EIDL loans can be used for expenses outside the Payroll Protection Program (PPP), which should be used primarily for employee wages. All the funds received from EIDL loans can be used for other costs of operation, including supplies, rent, and utilities. Whether or not the loan is approved, all businesses are eligible for up to $10,000 in an advance payment.

Who is my business eligible for EIDL?

The EIDL program was originally slated for agriculture businesses, but the SBA’s announcement opens the program to all small businesses and non-profits in any industry that have been impacted by the pandemic. The agency has upgraded its portal and application process to better meet demand and need for emergency assistance.

The SBA defines an eligible business as any company with less than 500 employees, including sole proprietorships, self-employed businesses, and independent contractors. Private, non-profit, and veteran organizations also meet the SBA’s criteria if the businesses have been negatively impacted by COVID-19.
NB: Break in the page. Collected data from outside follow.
definition gamma_form :: "(real^'n \<Rightarrow> real^'n \<Rightarrow> real^'n) \<Rightarrow> real^'n \<Rightarrow> real^'n \<Rightarrow> real" where
  "gamma_form mul x y = - (1 / real CARD('n)) * gform mul x y"

definition Ycomp :: "(real^'n \<Rightarrow> real^'n \<Rightarrow> real^'n) \<Rightarrow> real^'n \<Rightarrow> (real^'n) set" where
  "Ycomp mul e = connected_component_set {x. jinvertible mul x} e"

definition omega :: "(real^'n \<Rightarrow> real^'n \<Rightarrow> real^'n) \<Rightarrow> real^'n \<Rightarrow> real" where
  "omega mul y = sqrt \<bar>det (matrix (Pop mul y))\<bar>"

definition zeta :: "(real^'n \<Rightarrow> real^'n \<Rightarrow> real^'n) \<Rightarrow> real^'n \<Rightarrow> real^'n \<Rightarrow> real" where
  "zeta mul x u = - gamma_form mul u (jinv mul x)"

definition Delta :: "(real^'n \<Rightarrow> real^'n \<Rightarrow> real^'n) \<Rightarrow> real^'n \<Rightarrow> (real^'n) set" where
  "Delta mul x = {u. zeta mul x u = 0}"

text \<open>Integral manifold of a codimension-one (hyperplane) distribution D on an ambient
  set M: a nonempty connected subset of M which is locally the regular zero set of a
  C^1 function whose differential at the point has kernel D p (embedded C^1 hypersurface
  with tangent space D p at each point p).\<close>
definition integral_manifold ::
  "('a::euclidean_space \<Rightarrow> 'a set) \<Rightarrow> 'a set \<Rightarrow> 'a set \<Rightarrow> bool" where
  "integral_manifold D M S \<longleftrightarrow> S \<noteq> {} \<and> connected S \<and> S \<subseteq> M \<and>
     (\<forall>p\<in>S. \<exists>U f f'. open U \<and> p \<in> U \<and> U \<subseteq> M \<and>
        (\<forall>x\<in>U. (f has_derivative blinfun_apply (f' x)) (at x)) \<and>
        continuous_on U (f' :: 'a \<Rightarrow> 'a \<Rightarrow>\<^sub>L real) \<and>
        blinfun_apply (f' p) \<noteq> (\<lambda>u. 0) \<and>
        S \<inter> U = {x\<in>U. f x = 0} \<and>
        {u. blinfun_apply (f' p) u = 0} = D p)"

definition maximal_integral_manifold ::
  "('a::euclidean_space \<Rightarrow> 'a set) \<Rightarrow> 'a set \<Rightarrow> 'a set \<Rightarrow> bool" where
  "maximal_integral_manifold D M S \<longleftrightarrow> integral_manifold D M S \<and>
     (\<forall>S'. integral_manifold D M S' \<and> S \<subseteq> S' \<longrightarrow> S' = S)"

end

theory Submission
  imports Defs
begin

text \<open>Write \<open>Y\<close> for the component of \<open>e\<close>. Jacobi's formula together with the identity
  \<open>{x z (P x y)} = P x {y x z}\<close> gives \<open>d(det P)\<^sub>x u = 2 det P\<^sub>x g(u, x\<inverse>)\<close>, so on \<open>Y\<close>, where
  \<open>det P > 0\<close>, the derivative of \<open>\<omega>\<close> is \<open>u \<mapsto> \<omega>(x) g(u, x\<inverse>)\<close>, a nonzero multiple of \<open>\<zeta>\<^sub>x\<close>
  (nonzero because \<open>g\<close> is non-degenerate and \<open>x\<inverse> \<noteq> 0\<close>). Hence \<open>\<Delta>\<close> is the kernel of \<open>d\<omega>\<close>.
  An integral manifold is locally a regular level set of some function, and straightening it by the
  inverse function theorem shows that \<open>\<omega>\<close> is locally constant on it; being connected, it lies in a
  level set of \<open>\<omega>\<close>. Conversely each level set is an integral manifold, connected because \<open>\<omega>\<close> is
  homogeneous of degree \<open>n\<close> and \<open>Y\<close> is a cone, so \<open>x \<mapsto> (c / \<omega> x)\<^bsup>1/n\<^esup> x\<close> maps \<open>Y\<close> onto it.
  Since \<open>\<omega>(Y) = (0, \<infinity>)\<close>, the maximal integral manifolds are exactly the sets \<open>\<omega> = c\<close>, \<open>c > 0\<close>.\<close>

section \<open>Determinants and traces\<close>

lemma trace_matrix_eq_sum: "trace (matrix (f :: real^'n \<Rightarrow> real^'n)) = (\<Sum>i\<in>UNIV. f (axis i 1) $ i)"
  by (simp add: trace_def matrix_def)

lemma trace_matrix_comp_commute:
  fixes f g :: "real^'n \<Rightarrow> real^'n"
  assumes "linear f" "linear g"
  shows "trace (matrix (f \<circ> g)) = trace (matrix (g \<circ> f))"
  using matrix_compose[OF assms(2,1)] matrix_compose[OF assms] trace_mul_sym by metis

lemma matrix_inv_det_nz:
  fixes A :: "real^'n^'n"
  assumes "det A \<noteq> 0"
  shows "A ** matrix_inv A = mat 1" and "matrix_inv A ** A = mat 1"
proof -
  have "\<exists>A'::real^'n^'n. A ** A' = mat 1 \<and> A' ** A = mat 1"
    using assms invertible_det_nz[of A] unfolding invertible_def by blast
  then have "A ** matrix_inv A = mat 1 \<and> matrix_inv A ** A = mat 1"
    unfolding matrix_inv_def by (rule someI_ex)
  then show "A ** matrix_inv A = mat 1" "matrix_inv A ** A = mat 1"
    by auto
qed

lemma prod_if_eq_remove:
  fixes f g :: "'n::finite \<Rightarrow> real"
  shows "(\<Prod>j\<in>UNIV. if j = k then f j else g j) = f k * (\<Prod>j\<in>UNIV-{k}. g j)"
proof -
  have "(\<Prod>j\<in>UNIV. if j = k then f j else g j)
      = (if k = k then f k else g k) * (\<Prod>j\<in>UNIV-{k}. if j = k then f j else g j)"
    by (rule prod.remove) auto
  also have "(\<Prod>j\<in>UNIV-{k}. if j = k then f j else g j) = (\<Prod>j\<in>UNIV-{k}. g j)"
    by (rule prod.cong) auto
  finally show ?thesis
    by simp
qed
Businesses in some industries with more than 500 employees may meet the SBA size requirements if they meet certain requirements. The SBA offers a Size Standards Tool, to determine if your business will meet loan and advance requirements for  employers with more than 500 staff members.

What’s changed with EIDL? 

The EIDL program has been revamped to provide businesses with up to $150,000 per entity. The original program allowed loans up to $2 million, but the number was reduced to meet demand. The original $10,000 advance per business was also adjusted to $1,000 per employee, per business, up to 10 staff members.

With the focus originally on agri-business, the EIDL has been less well-known than the other assistance programs provided through the CARES Act and the PPP. With more funds available to businesses outside the agricultural industry, additional funding has been made available.

The SBA announced it has processed almost $1.5 million in loans totaling nearly $100 billion in funds to small- and medium-sized businesses under these programs.

The EIDL fine print

The program’s long-term, low interest loans are available to small businesses and non-profits. The loans will be made at 3.75% interest and are deferrable for the first year. For non-profits, the interest rate is 2.75%. Repayment plans can span up to 30 years.

The $10,000 advance is earmarked for emergency economic relief and will be awarded to businesses at the rate of $1,000 per employee, per business, up to 10 total. These funds do not have to be repaid and will be provided whether or not the loan is ultimately approved by the SBA.

The advances are slated to provide emergency economic relief to businesses who are experiencing a temporary loss of revenue due to government mandated shutdowns or economic slowdowns that have resulted from the COVID-19 pandemic.

Credit history may be a factor

The SBA doesn’t identify specific credit thresholds they consider worthy of loans, but some information they provide gives guidance.

They write:

“For disaster lending purposes, satisfactory credit history is defined as a history that generally shows payments to creditors as agreed unless otherwise justified…

Generally, a history that consists of minor, isolated instances of adverse credit or late payments is acceptable. Major instances of adverse credit such as unpaid judgments, repossessions, previous foreclosures, charge-offs, and unpaid collections can be overcome provided:

  1. The applicant explains the lapse; and
  2. The applicant has other accounts with “as agreed” payment records.”

Under the SBA’s guidelines, medical collections are not considered adverse credit information. Charged off accounts and non-medical collections of $10,000 or less; or foreclosures or deed-in lieu of foreclosures that happened more than 2 years before the date of the loan application do not disqualify a loan application either. These are considered by the agency “an acceptable credit risk and do not require any additional justification.”

The SBA hasn’t listed a deadline for applications, but SMBs should apply for loans and assistance as soon as possible. The application is available on the SMB website and provides guidance on who is eligible and what documentation will be necessary.